The film excels in small moments. Suri delivers a terrific performance as the confused Sam making sense of her identity, working to show her parents that, growing up in the West, it’s impossible to not be touched by the culture, it’s impossible to not exist at the intersection of her two cultures. Samidha’s characterization is unique, and she cuts a compelling final girl who realizes that only she carries the answers to the puzzle of her identity, to the quelling of her shame, ultimately the ability to destroy the monster that hounds her. Suri’s Sam is a brilliant anchor in this film that, along with the film’s introduction of a previously-unexplored mythos, crafts an interesting tale.

That being said, this film does lack a personality. It’s a pitfall that many immigrant stories unfortunately fall into, that of attempting to encapsulate every aspect of the immigrant experience so that nothing gets left out. In attempting to solve the issue of the monster at its core, It Lives Inside often tries to cover all its bases when it comes to the immigrant experience — the monster feeds off shame, but it also feeds off loneliness, it also feeds off anger; all emotions that it then requires of Samidha that she work to massage, to solve, meaning the action often gets distracted from the horror of the monster. 
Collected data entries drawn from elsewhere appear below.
(* Let $\delta=(\mathbf a_1,\mathbf a_2,\mathbf a_3)$ be a nondegenerate m-triangle with central angle $\alpha_1$ opposite to the vector $\mathbf a_1$. Then the area of the spherical triangle in the shape sphere $M^\ast\simeq S^2(1/2)$ with vertices $\mathfrak b_{12},\delta^\ast,\mathfrak b_{31}$ equals $A_1=\frac12(\pi-\alpha_1)$.
   Context: Masses $m_1,m_2,m_3>0$, $m_1+m_2+m_3=1$; $\mathbf a_i\in\mathbb R^3$ with $\sum m_i\mathbf a_i=0$; $\alpha_1$ is the angle at the origin between $\mathbf a_2$ and $\mathbf a_3$. The shape sphere $M^\ast$ is the space of oriented m-triangles with $\sum m_i|\mathbf a_i|^2=1$ modulo rotation, with the kinematic metric (induced by $\sum m_i|d\mathbf a_i|^2$ via zero angular momentum lifts), a round sphere of radius $1/2$ whose equator consists of collinear shapes; $\delta^\ast$ is the shape of $\delta$ (lying in the hemisphere determined by the orientation of $\delta$), and $\mathfrak b_{ij}$ is the binary collision shape on the equator where $\mathbf a_i=\mathbf a_j$. The spherical triangle is the geodesic triangle in that hemisphere. *)

theory Defs
  imports "HOL-Analysis.Analysis" "HOL-Analysis.Cross3"
begin

definition is_mtriangle :: "(nat \<Rightarrow> real) \<Rightarrow> (nat \<Rightarrow> real^3) \<Rightarrow> bool" where
  "is_mtriangle m a \<longleftrightarrow> m 1 *\<^sub>R a 1 + m 2 *\<^sub>R a 2 + m 3 *\<^sub>R a 3 = 0"

definition nondegenerate :: "(nat \<Rightarrow> real^3) \<Rightarrow> bool" where
  "nondegenerate a \<longleftrightarrow> cross3 (a 2 - a 1) (a 3 - a 1) \<noteq> 0"

definition vec_angle :: "real^3 \<Rightarrow> real^3 \<Rightarrow> real" where
  "vec_angle x y = arccos ((x \<bullet> y) / (norm x * norm y))"

definition inertia :: "(nat \<Rightarrow> real) \<Rightarrow> (nat \<Rightarrow> real^3) \<Rightarrow> real" where
  "inertia m a = m 1 * (norm (a 1))\<^sup>2 + m 2 * (norm (a 2))\<^sup>2 + m 3 * (norm (a 3))\<^sup>2"

text \<open>Mass-weighted Jacobi vectors: for centred configurations,
  inertia m a = |jacobi1|^2 + |jacobi2|^2 (total mass 1).\<close>
definition jacobi1 :: "(nat \<Rightarrow> real) \<Rightarrow> (nat \<Rightarrow> real^3) \<Rightarrow> real^3" where
  "jacobi1 m a = sqrt (m 1 * m 2 / (m 1 + m 2)) *\<^sub>R (a 2 - a 1)"

definition jacobi2 :: "(nat \<Rightarrow> real) \<Rightarrow> (nat \<Rightarrow> real^3) \<Rightarrow> real^3" where
  "jacobi2 m a = sqrt ((m 1 + m 2) * m 3) *\<^sub>R
     (a 3 - (1 / (m 1 + m 2)) *\<^sub>R (m 1 *\<^sub>R a 1 + m 2 *\<^sub>R a 2))"

text \<open>The shape map onto the round sphere of radius 1/2 in R^3 (Hopf map in Jacobi
  coordinates, applied to the normalised configuration a / sqrt(inertia)); this is an
  isometry of the shape sphere M* with the kinematic metric onto S^2(1/2).  The equator
  (third coordinate 0) consists of the collinear shapes; the upper hemisphere is used as
  the hemisphere of the orientation of the triangle.\<close>
definition shape :: "(nat \<Rightarrow> real) \<Rightarrow> (nat \<Rightarrow> real^3) \<Rightarrow> real^3" where
  "shape m a = (let z1 = jacobi1 m a; z2 = jacobi2 m a in
     (1 / inertia m a) *\<^sub>R
       vector [((norm z1)\<^sup>2 - (norm z2)\<^sup>2) / 2, z1 \<bullet> z2, norm (cross3 z1 z2)])"

definition binary_collision :: "(nat \<Rightarrow> real) \<Rightarrow> nat \<Rightarrow> nat \<Rightarrow> real^3" where
  "binary_collision m i j = (THE p. \<forall>a. is_mtriangle m a \<and> a i = a j \<and> inertia m a \<noteq> 0
       \<longrightarrow> shape m a = p)"

text \<open>Geodesic (spherical) triangle on the sphere of radius r centred at 0 with vertices
  P, Q, R lying in a common hemisphere: the intersection of the sphere with the convex
  cone spanned by the vertices.\<close>
definition sph_triangle :: "real \<Rightarrow> real^3 \<Rightarrow> real^3 \<Rightarrow> real^3 \<Rightarrow> (real^3) set" where
  "sph_triangle r P Q R = {x. norm x = r \<and>
     (\<exists>u v w. u \<ge> 0 \<and> v \<ge> 0 \<and> w \<ge> 0 \<and> x = u *\<^sub>R P + v *\<^sub>R Q + w *\<^sub>R R)}"

text \<open>Surface area of a subset S of the sphere of radius r centred at 0, via the volume of
  the solid cone over S: vol(cone) = (r/3) * area(S).\<close>
definition sph_area :: "real \<Rightarrow> (real^3) set \<Rightarrow> real" where
  "sph_area r S = 3 / r * measure lebesgue {t *\<^sub>R x | t x. 0 \<le> t \<and> t \<le> 1 \<and> x \<in> S}"

end

theory Submission
  imports Defs
begin

text \<open>Scaled by \<open>2\<close>, the shape sphere becomes the unit sphere and the three vertices become
  \<open>p = (-1, 0, 0)\<close>, a point \<open>r\<close> on the equator and \<open>q = 2 \<delta>\<^sup>*\<close>. Girard's theorem, which follows
  from the volumes of lunes of a ball (the volume of a wedge is additive and nonnegative in its
  angle, hence linear in it), gives the area of a geodesic triangle as its spherical excess \<open>E\<close>;
  by the van Oosterom--Strackee formula, \<open>E / 2\<close> is the argument of
  \<open>1 + p \<bullet> r + r \<bullet> q + q \<bullet> p + i det (p, r, q)\<close>. In Jacobi coordinates this complex number
  is a positive multiple of \<open>exp (i (pi - \<alpha>\<^sub>1))\<close>, so \<open>E = 2 (pi - \<alpha>\<^sub>1)\<close> and the area on the sphere
  of radius \<open>1/2\<close> is \<open>E / 4 = (pi - \<alpha>\<^sub>1) / 2\<close>.\<close>

section \<open>Angles between vectors\<close>

lemma inner_vec3: "(x::real^3) \<bullet> y = x$1 * y$1 + x$2 * y$2 + x$3 * y$3"
  by (simp add: inner_vec_def sum_3)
For example, Samidha and Tamira stop being friends because of Samidha’s shame, and the film focuses on this in the same breath as it focuses on Samidha’s relationship with her mother, which is also fraught because of shame. The film tries to solve the complexities of all these various relationships not by realizing that they are rooted in shame, but by trying to assuage the varied feelings (which shame actually has led to) that caused Samidha to feel this way. The film doesn’t work to root and locate Samidha’s motivations in shame, which the monster feeds off of, and this is why it lacks a personality. 

The film frames Samidha as someone who feels ashamed of her identity, as someone running from it and toward whiteness; instead of exploring this shame, hewing to it wholeheartedly and meaningfully, instead of diving into the contours of shame and roving over and through its dark and contorting ways, the film instead and hastily, nearly superficially, covers all of the other feelings shame leads to, leading to a rushed atmosphere. For the casual viewer, it doesn’t seem clear exactly what the monster is feeding off of. A lack of personality ultimately distracts from the protagonist and her battle against the monster, from the monster itself. 

The effect of this amorphousness is that there are moments in the film where we seem to lose the plot, we seem to lose sight of the monster, what its motivations are, and what needs to be done to destroy it. The effect of the film’s attempts to explore all the other quagmires that shame leads to, instead of focusing on its unique complexities and the way it coils within a person, is that the film loses its heft, becomes less a horror and more a coming of age tale.

Still, and though this film is rough around the edges, it does present certain horror elements that enrich the genre, which opens up avenues for further explorations of rich folklore and mythos that Western horror has direly neglected. This film serves as a great bedrock and inspiration for future horrors about the immigrant experience.